The Catholic Herald gives Harris a good review: “More than an intelligent thriller: it reveals the dilemmas we all face…. Its author clearly has engaged with the Church.” By contrast the Irish Times finds “only black smoke blowing through the literary chimney.”
The final “twist” of the book – a word usually used for detective stories – comes when the well-deserved winner of the contest is suggested to be genetically female, but inter-sexual. This was too much for us. This was not so much gentle satire as farce. Harris had already gently chided the church for its sexism by his portrayal of the undervalued Nuns, but here was a crashing of the gears and a full frontal attack.
Our experts were soon on the case, however, with our medical adviser judging that it was indeed possible that the true gender of the new Pope had been missed in [her] upbringing in the Philippines.
And our historical adviser pointed out that this plot element was not as strange as it seemed, given that, at least according to protestant mythology, Pope Ioannes Anglicus (855-857) was a woman disguised as a man (“Pope Joan”). For many centuries thereafter a pierced chair (“sedia stercoraria”) was used to check that a newly elected Pope was indeed male prior to confirming his appointment.

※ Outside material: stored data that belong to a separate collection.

(* There exist nested $(v,4,1)$-BIBDs for all $v\equiv 4\pmod{12}$ with $16\le v\le 196$.
   Context: A $(v,k,\lambda)$-BIBD is a set $X$ of $v$ points with a multiset $\mathcal{A}$ of $k$-subsets (blocks) such that every pair of distinct points lies in exactly $\lambda$ blocks; a partial $(v,k,\lambda)$-BIBD has "at most $\lambda$". A $(v,4,1)$-BIBD is nested if there is a map $\phi:\mathcal{A}\to X$ such that $\{A\cup\{\phi(A)\}:A\in\mathcal{A}\}$ is the block multiset of a partial $(v,5,2)$-BIBD on $X$ (in particular $\phi(A)\notin A$). *)

theory Defs
  imports Main "HOL-Library.Multiset"
begin

definition partial_bibd :: "'a set \<Rightarrow> 'a set multiset \<Rightarrow> nat \<Rightarrow> nat \<Rightarrow> nat \<Rightarrow> bool" where
  "partial_bibd X B v k lam \<longleftrightarrow>
     finite X \<and> card X = v \<and>
     (\<forall>A\<in>#B. A \<subseteq> X \<and> card A = k) \<and>
     (\<forall>x\<in>X. \<forall>y\<in>X. x \<noteq> y \<longrightarrow> size (filter_mset (\<lambda>A. x \<in> A \<and> y \<in> A) B) \<le> lam)"

definition bibd :: "'a set \<Rightarrow> 'a set multiset \<Rightarrow> nat \<Rightarrow> nat \<Rightarrow> nat \<Rightarrow> bool" where
  "bibd X B v k lam \<longleftrightarrow>
     finite X \<and> card X = v \<and>
     (\<forall>A\<in>#B. A \<subseteq> X \<and> card A = k) \<and>
     (\<forall>x\<in>X. \<forall>y\<in>X. x \<noteq> y \<longrightarrow> size (filter_mset (\<lambda>A. x \<in> A \<and> y \<in> A) B) = lam)"

definition nested_bibd :: "'a set \<Rightarrow> 'a set multiset \<Rightarrow> nat \<Rightarrow> bool" where
  "nested_bibd X B v \<longleftrightarrow>
     bibd X B v 4 1 \<and>
     (\<exists>\<phi>. (\<forall>A\<in>#B. \<phi> A \<in> X \<and> \<phi> A \<notin> A) \<and>
          partial_bibd X (image_mset (\<lambda>A. insert (\<phi> A) A) B) v 5 2)"

end

theory Submission
  imports Defs
begin

(* For v = 3m + 1 >= 40 the design is 1-rotational over Z_3m: the points are the residues
   modulo 3m and a point at infinity, and the blocks are the translates D_j + i of base blocks
   D_j whose differences cover every residue not divisible by m exactly once, together with the
   m blocks {inf, i, i + m, i + 2m}.  The nest point p_j of D_j is translated along with it, and
   {inf, i, i + m, i + 2m} is nested with i + c.  The number of (nested) translates through a pair
   {x, y} equals the number of times y - x occurs as a difference of a (nested) base block, so
   both conditions of a nested design reduce to multiplicities of residues in finite lists;
   these are verified by evaluation, after sorting the lists.  For v = 16 and v = 28 the blocks
   are listed explicitly and checked in the same way, coding a pair a < b of points as a v + b. *)

section \<open>Nested designs from indexed families of blocks\<close>

lemma size_filter_image_mset_mset_set:
  assumes "finite I"
  shows "size (filter_mset P (image_mset f (mset_set I))) = card {i \<in> I. P (f i)}"
  using assms by (simp add: filter_mset_image_mset o_def)

lemma inj_on_blocks_if_pairs_once:
  assumes "finite I"
    and blocks: "\<And>i. i \<in> I \<Longrightarrow> blk i \<subseteq> X \<and> 1 < card (blk i)"
    and once: "\<And>x y. x \<in> X \<Longrightarrow> y \<in> X \<Longrightarrow> x \<noteq> y \<Longrightarrow>
      card {i \<in> I. x \<in> blk i \<and> y \<in> blk i} = 1"
  shows "inj_on blk I"
proof (rule inj_onI, rule ccontr)
  fix i j assume ij: "i \<in> I" "j \<in> I" "blk i = blk j" "i \<noteq> j"
  have "finite (blk i)" "\<not> card (blk i) \<le> Suc 0"
    using blocks[OF \<open>i \<in> I\<close>] card.infinite by fastforce+
  then obtain x y where xy: "x \<in> blk i" "y \<in> blk i" "x \<noteq> y"
    by (auto simp: card_le_Suc0_iff_eq)
  then have "x \<in> X" "y \<in> X"
    using blocks[OF \<open>i \<in> I\<close>] by auto
  have "card {i, j} \<le> card {k \<in> I. x \<in> blk k \<and> y \<in> blk k}"
    by (rule card_mono) (use \<open>finite I\<close> ij xy in auto)
  also have "\<dots> = 1"
    using once \<open>x \<in> X\<close> \<open>y \<in> X\<close> \<open>x \<noteq> y\<close> .
  finally show False
    using \<open>i \<noteq> j\<close> by simp
qed

lemma nested_bibd_of_indexed_blocks:
  fixes blk :: "'i \<Rightarrow> 'a set" and nest :: "'i \<Rightarrow> 'a"
  assumes "finite I" "finite X"
    and blocks: "\<And>i. i \<in> I \<Longrightarrow> blk i \<subseteq> X \<and> card (blk i) = 4 \<and> nest i \<in> X - blk i"
    and once: "\<And>x y. x \<in> X \<Longrightarrow> y \<in> X \<Longrightarrow> x \<noteq> y \<Longrightarrow>
      card {i \<in> I. x \<in> blk i \<and> y \<in> blk i} = 1"
    and twice: "\<And>x y. x \<in> X \<Longrightarrow> y \<in> X \<Longrightarrow> x \<noteq> y \<Longrightarrow>
      card {i \<in> I. x \<in> insert (nest i) (blk i) \<and> y \<in> insert (nest i) (blk i)} \<le> 2"
  shows "nested_bibd X (image_mset blk (mset_set I)) (card X)"
proof -
  have "inj_on blk I"
    by (rule inj_on_blocks_if_pairs_once[OF \<open>finite I\<close> _ once]) (use blocks in auto)
  define \<phi> where "\<phi> = nest \<circ> inv_into I blk"
  have \<phi>: "\<phi> (blk i) = nest i" if "i \<in> I" for i
    using \<open>inj_on blk I\<close> that by (simp add: \<phi>_def)
  have nested_blocks: "image_mset (\<lambda>A. insert (\<phi> A) A) (image_mset blk (mset_set I))
      = image_mset (\<lambda>i. insert (nest i) (blk i)) (mset_set I)"
    unfolding multiset.map_comp o_def
    by (rule image_mset_cong) (use \<open>finite I\<close> \<phi> in auto)
  have pair_count: "size (filter_mset (\<lambda>A. x \<in> A \<and> y \<in> A) (image_mset f (mset_set I)))
      = card {i \<in> I. x \<in> f i \<and> y \<in> f i}" for f :: "'i \<Rightarrow> 'a set" and x y
    using size_filter_image_mset_mset_set[OF \<open>finite I\<close>] .
  have bibd: "bibd X (image_mset blk (mset_set I)) (card X) 4 1"
    unfolding bibd_def pair_count
  proof (intro conjI ballI impI)
    fix A assume "A \<in># image_mset blk (mset_set I)"
    then obtain i where "i \<in> I" and "A = blk i"
      using \<open>finite I\<close> by auto
    then show "A \<subseteq> X" "card A = 4"
      using blocks by auto
  qed (simp_all add: \<open>finite X\<close> once)
  have partial: "partial_bibd X (image_mset (\<lambda>A. insert (\<phi> A) A) (image_mset blk (mset_set I))) (card X) 5 2"
    unfolding partial_bibd_def nested_blocks pair_count
  proof (intro conjI ballI impI)
    fix A assume "A \<in># image_mset (\<lambda>i. insert (nest i) (blk i)) (mset_set I)"
    then obtain i where "i \<in> I" and A: "A = insert (nest i) (blk i)"
      using \<open>finite I\<close> by auto
    moreover have "finite (blk i)"
      using blocks[OF \<open>i \<in> I\<close>] \<open>finite X\<close> finite_subset by blast
    ultimately show "A \<subseteq> X" "card A = 5"
      using blocks[OF \<open>i \<in> I\<close>] by auto
  qed (simp_all add: \<open>finite X\<close> twice del: insert_iff)
  have points: "\<forall>A\<in>#image_mset blk (mset_set I). \<phi> A \<in> X \<and> \<phi> A \<notin> A"
    using blocks \<phi> \<open>finite I\<close> by auto
  show ?thesis
    unfolding nested_bibd_def using bibd points partial by blast
qed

Suitably aghast we wandered around some of the details of the book – such as being pleasantly surprised about the lack of smart phones being brought into the Conclave (although later research shows that the Pope does have a Facebook page!) - before returning to agree a conclusion.
The white smoke was made ready as we agreed that this was a great entertainment and page-turner, but not a great book. On closer examination not so much an inter-sexual Pope as an inter-genre novel emerged, with elements of political thriller, serious stream of consciousness character portrayal, caricature, detective story and high farce welded, somewhat uneasily, together.
It did not do to look too closely. As one member observed: “I thoroughly enjoyed it as a page-turner. But I was left with the feeling of having eaten a fast-food takeaway, not a substantial meal!”